Nさんと美術館に行き、Les Enfants Rougesへ。クスクスやタジンを食べる。ここでジュリー・デルピーに会って握手をしたんですよと自慢するも、Nさんはご存知でなかった。

大好きな絵本の全集をSがプレゼントしてくれたのでそれを引き取りに行く。帰ってきて一緒に最初の一冊をゆっくりゆっくりめくる。他の巻はまた別の日に眺めよう。

ヨイヨルさんのPodcastの最新回を楽しみに聴く。

ヨイヨルさんのラジオはいつ聴いてもいい。

私は話すことが苦手で書くほうがいくぶん得意かと考えていたことがあるけれど、それははなはだ疑問だ。たわいのないことなのだけれど何か感覚にひっかかったこと、を話してみるのはいいかもしれない(※たわいのない、というのは私が日頃拾いやすいものののことを指しているのであって、ヨイヨルさんのラジオとは関係のないこと)。
書くよりも行きつ戻りつしながら説明をしなおせるし、感覚をなぞりかえすようなことができて結果的に少し遠くにいけるかもしれない。

 

12月7日

恒例になったブランドの撮影。といっても今回は他のブランドの発表と時期がずれているらしくお客さんも少ない。
一着ずつラックから移動して服の詳細を撮る。ビーズや金属、刺繍が縫い込まれた服が多くてどれも鎧のように重たい。会場にある服はすべてモデルサイズであるため、ハンガーも通常より高く、数百着を上げ下ろししていると肩が凝る。
ハンガーにかかっているものも、モデルがそれを着た時のものも繰り返し撮っていると、そのシーズンの新作をすべて自然に覚えてゆくことになる。

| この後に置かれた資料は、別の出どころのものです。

text \<open>An element of Z_(m+1) commutes and associates with everything modulo the
  congruence of Z_m, since its image in S/Z_m lies in the centre Z(S/Z_m).\<close>
lemma rl_upper_center_Suc_central_mod:
  assumes L: "rl_right_loop S op e" and C: "rl_congruence S op e R"
    and Zm: "rl_upper_center S op e m = R `` {e}"
    and x: "x \<in> rl_upper_center S op e (Suc m)" and y: "y \<in> S" and z: "z \<in> S"
  shows "(op x y, op y x) \<in> R" "(op (op x y) z, op x (op y z)) \<in> R"
proof -
  let ?p = "rl_qrep S op (R `` {e})" and ?Q = "rl_qcarrier S op (R `` {e})"
    and ?o = "rl_qop S op (R `` {e})"
  note hom = rl_qrep_hom[OF L C] and peq = rl_qrep_eq_iff[OF L C] and cl = rl_right_loopD(2)[OF L]
  have xS: "x \<in> S" and xZ: "?p x \<in> rl_Zset ?Q ?o"
    using x Zm rl_center_eq[OF rl_quotient_right_loop[OF L C]]
    by (simp_all add: rl_upper_center.simps(2) Let_def)
  have pQ: "?p u \<in> ?Q" if "u \<in> S" for u using that unfolding rl_qcarrier_def by blast
  have "?o (?p x) (?p y) = ?o (?p y) (?p x)" using rl_ZsetD(2)[OF xZ pQ[OF y] pQ[OF y]] .
  then have "?p (op x y) = ?p (op y x)" using hom xS y by simp
  then show "(op x y, op y x) \<in> R" using peq cl xS y by simp
  have "?o (?o (?p x) (?p y)) (?p z) = ?o (?p x) (?o (?p y) (?p z))"
    using rl_ZsetD(3)[OF xZ pQ[OF y] pQ[OF z]] .
  then have "?p (op (op x y) z) = ?p (op x (op y z))" using hom xS y z cl by simp
  then show "(op (op x y) z, op x (op y z)) \<in> R" using peq cl xS y z by simp
qed

section \<open>Abelian quotients and the derived subloop\<close>

definition rl_abelian_mod :: "'a set \<Rightarrow> ('a \<Rightarrow> 'a \<Rightarrow> 'a) \<Rightarrow> 'a rel \<Rightarrow> bool" where
  "rl_abelian_mod S op R \<longleftrightarrow>
     (\<forall>x\<in>S. \<forall>y\<in>S. \<forall>z\<in>S. (op x y, op y x) \<in> R \<and> (op (op x y) z, op x (op y z)) \<in> R)"

text \<open>S/T is an abelian group iff S is commutative and associative modulo the congruence
  of T: the quotient is already a right loop, so inverses come for free.\<close>
lemma rl_quotient_abelian_iff:
  assumes L: "rl_right_loop S op e" and C: "rl_congruence S op e R"
  shows "rl_quotient_abelian S op e (R `` {e}) \<longleftrightarrow> rl_abelian_mod S op R"
proof -
  let ?p = "rl_qrep S op (R `` {e})" and ?Q = "rl_qcarrier S op (R `` {e})"
    and ?o = "rl_qop S op (R `` {e})"
  let ?G = "\<lparr>carrier = ?Q, mult = ?o, one = ?p e\<rparr>"
  have LQ: "rl_right_loop ?Q ?o (?p e)" using rl_quotient_right_loop[OF L C] .
  note hom = rl_qrep_hom[OF L C] and peq = rl_qrep_eq_iff[OF L C] and cl = rl_right_loopD(2)[OF L]
  have Q: "?Q = ?p ` S" unfolding rl_qcarrier_def ..
  text \<open>Both laws transfer along the surjective homomorphism ?p.\<close>
  have comm_iff: "?o (?p x) (?p y) = ?o (?p y) (?p x) \<longleftrightarrow> (op x y, op y x) \<in> R"
    if "x \<in> S" "y \<in> S" for x y using hom peq cl that by simp
  have assoc_iff: "?o (?o (?p x) (?p y)) (?p z) = ?o (?p x) (?o (?p y) (?p z)) \<longleftrightarrow>
      (op (op x y) z, op x (op y z)) \<in> R" if "x \<in> S" "y \<in> S" "z \<in> S" for x y z
    using hom peq cl that by simp
  show ?thesis unfolding rl_quotient_abelian_def
  proof
    assume "comm_group ?G"
    then interpret G: comm_group ?G .
    show "rl_abelian_mod S op R" unfolding rl_abelian_mod_def
      using comm_iff assoc_iff G.m_comm G.m_assoc Q by auto
  next
    assume ab: "rl_abelian_mod S op R"
    show "comm_group ?G"
    proof (rule comm_groupI)
      show "\<one>\<^bsub>?G\<^esub> \<in> carrier ?G" using rl_right_loopD(1)[OF LQ] by simp
      show "a \<otimes>\<^bsub>?G\<^esub> b \<in> carrier ?G" if "a \<in> carrier ?G" "b \<in> carrier ?G" for a b
        using rl_right_loopD(2)[OF LQ] that by simp
      show "a \<otimes>\<^bsub>?G\<^esub> b \<otimes>\<^bsub>?G\<^esub> c = a \<otimes>\<^bsub>?G\<^esub> (b \<otimes>\<^bsub>?G\<^esub> c)"
        if "a \<in> carrier ?G" "b \<in> carrier ?G" "c \<in> carrier ?G" for a b c
        using that ab assoc_iff Q unfolding rl_abelian_mod_def by auto
      show "a \<otimes>\<^bsub>?G\<^esub> b = b \<otimes>\<^bsub>?G\<^esub> a" if "a \<in> carrier ?G" "b \<in> carrier ?G" for a b
        using that ab comm_iff Q unfolding rl_abelian_mod_def by auto
      show "\<one>\<^bsub>?G\<^esub> \<otimes>\<^bsub>?G\<^esub> a = a" if "a \<in> carrier ?G" for a
        using rl_right_loopD(3)[OF LQ] that by simp
      show "\<exists>b\<in>carrier ?G. b \<otimes>\<^bsub>?G\<^esub> a = \<one>\<^bsub>?G\<^esub>" if "a \<in> carrier ?G" for a
      proof -
        have "a \<in> ?Q" using that by simp
        then obtain b where "b \<in> ?Q" "?o b a = ?p e" by (rule rl_right_div[OF LQ _ rl_right_loopD(1)[OF LQ]])
        then show ?thesis by auto
      qed
    qed
  qed
qed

1年を通して作品を見たけれど、最初に感じた「高いものだけあって良い布できちっと作られている」という驚きは薄れてきたかもしれない。慣れもあるが、なんというか、私の知らない世界だったけれど、やっぱり天井はこのくらいか、という気持ちかもしれない。
私にとってはフランスに来て初めて行った蚤の市で触れた、きちっと目が詰まって織られた綿でできたパジャマの、何十年も着られながら擦り切れもせず変わらず丈夫なままであるあの細かい布の目や縫い目の方が心を捉える対象であるのだと思う。

 

12月9日

もしかしたら来年は、少しずつ頑なさを溶かしていく年になるのかなという予感がする。
自分が信じているものを手放すことはしないけれど、でも全部それに当てはめなくても良いし、使いどころを見極める…つまりたとえば踊りのことには適用できなくてもストレッチにはその手段を使えば今よりも親切に伝わるかもしれない…、具体的に言えばそういうようなこと。
自分をいったん離れて(ほんとうの意味で離れて)見たり聞いたりしてみられるだろうか。

 

12月21日

ほとんど日記を書けなかった12月。
考えていることはいっぱいあるのに、それが膨らむばかりでどうやって体の外に出たらいいのかわからないような日が続いた。
理由はきっと簡単。立ち止まって考えているだけだからだ。
考えるのはやめて手を動かそう。
頭の中でだけなら、いくらでも自分に厳しいフリができるし、いくらでも人を批判して涼しい顔をしていることもできる。